Das beste Deutschland a. Z. hat das Oberkomando über die Weltmoral da reicht Gratis-Mut. Was nicht mehr so recht passt ist der Bundesadler der sollte ersetzt werden durch eine Banane oder einen erhobenen Zeigefinger. Ich bin auch dafür das Klabautermann Kanzler wird als Gesundheitsminister taugt der nichts ist einfach total unlustig dem zuzuhören .

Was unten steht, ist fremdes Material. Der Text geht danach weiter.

lemma Trhoinv_Trho:
  assumes "Vomega n r f"
  shows "Trhoinv n r (Trho n r f) = f"
proof (rule Vomega_eq_on_basis[OF r(2) _ _ assms])
  fix w assume w: "omega_word n r w"
  then show "Trhoinv n r (Trho n r (bas w)) = bas w"
    using rho_inv_entry_rho_entry[OF r] omega_word_residue_bounds[OF w r(2)]
    by (simp add: Trhoinv_bas[OF r] Trho_bas[OF r] omega_word_rho[OF r] map_idI)
qed (auto intro!: linear_op_intros)

lemma Ts_quadratic:
  assumes "1 \<le> i" "i < r" "Vomega n r f"
  shows "Ts n i (Ts n i f) = (\<lambda>u. (vv^2 - 1) * Ts n i f u + vv^2 * f u)"
proof (rule Vomega_eq_on_basis[OF r(2) _ _ assms(3)])
  fix w assume "omega_word n r w"
  then show "Ts n i (Ts n i (bas w)) = (\<lambda>u. (vv^2 - 1) * Ts n i (bas w) u + vv^2 * bas w u)"
    using assms r by (intro Ts_quadratic_bas) (simp_all add: omega_word_occurs_once)
qed (auto intro!: linear_op_intros)

lemma Ts_commute:
  assumes "1 \<le> i" "i < r" "1 \<le> j" "j < r" "\<bar>int i - int j\<bar> > 1" "Vomega n r f"
  shows "Ts n i (Ts n j f) = Ts n j (Ts n i f)"
proof (rule Vomega_eq_on_basis[OF r(2) _ _ assms(6)])
  fix w assume "omega_word n r w"
  then show "Ts n i (Ts n j (bas w)) = Ts n j (Ts n i (bas w))"
    using assms r by (intro Ts_commute_bas) (simp_all add: omega_word_occurs_once)
qed (auto intro!: linear_op_intros)

lemma Ts_braid:
  assumes "1 \<le> i" "i + 1 < r" "Vomega n r f"
  shows "Ts n i (Ts n (i + 1) (Ts n i f)) = Ts n (i + 1) (Ts n i (Ts n (i + 1) f))"
proof (rule Vomega_eq_on_basis[OF r(2) _ _ assms(3)])
  fix w assume "omega_word n r w"
  then show "Ts n i (Ts n (i + 1) (Ts n i (bas w))) = Ts n (i + 1) (Ts n i (Ts n (i + 1) (bas w)))"
    using assms r by (intro Ts_braid_bas) (simp_all add: omega_word_occurs_once)
qed (auto intro!: linear_op_intros)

Petra Wilhelmi / 05.03.2022

Wenn Sie das so sehen, ist in der Ukraine die Freiheit schon seit 2014 keinen Pfifferling mehr wert. Faschistische Asov-Brigaden wüten im überwiegend russisch-sprachigen Teil. Dort werden die russischen Bürger degradiert. Ich habe es schon einmal geschrieben. Wenn die Ukraine hätte EIN Land werden wollen, dann hätte sie Russisch als 2. Amtsprache und die aller Minderheiten zulassen müssen. Wenn die Ukraine schon ein multiethnisches Land ist, dann sollte die Ukraine auch so handeln. Das hat sie seit 2014 NICHT gemacht, im Gegenteil. Wer Sturm sät, wird einen Orkan ernten, abgewandelt.  Dazu kommt das dumme Geschwätz des Westens von wegen Freiheit, Demokratie und so. Der Westen hat spätestens 2015 den Weg der Freiheit und Demokratie verlassen. Und mit der Coronaplandemie hat er die Apartheid gesellschaftsfähig gemacht. Das ist nur der Anfang. Mit der ID2020 (Patent 060606) werden wie zu unmündigen Vieh herabgestuft, das machen soll, was die Herrschaften in ihrem Milliardärsklub ausbaldowern. Man höre Gates, man höre Rockefellder, man höre Schwab usw. usf. Auch die Unternehmen - und nicht nur wir - werden in ein sogenanntes Sozialpunktesystem mit eingeschlossen und sollen das machen, was ihnen Gates und Schwab vorschreiben. Wer das noch westliche Werte nennt, kann auch zu Nordkorea sagen, dass die westliche Werte leben. Wer bei dieser NWO nicht so mitmachen will, wie man ihren vorschreibt, soll weggewischt werden. Für mich ist auch der ukrainische Schauspieler und seine Vorgänger Verbrecher, die überhaupt nicht an einen Gesamtstaat Ukraine interessiert waren und sind. Der Krieg dort war absehbar, obwohl ich ihn doch nicht erwartet hatte. Aber, wir kennen nicht die ganze Wahrheit, wie es um das Leben derjenigen bestand, die in Donezk und Lugansk leben. Wieso hat der Westen sich nicht schon vorher vor die Menschen in diesem Gebiet gestellt, verlangt, dass sie ihre normalen Bürgerrechte haben dürfen? Waren wohl bloß Russen und Russen sind ja von Natur aus bäh. Oder?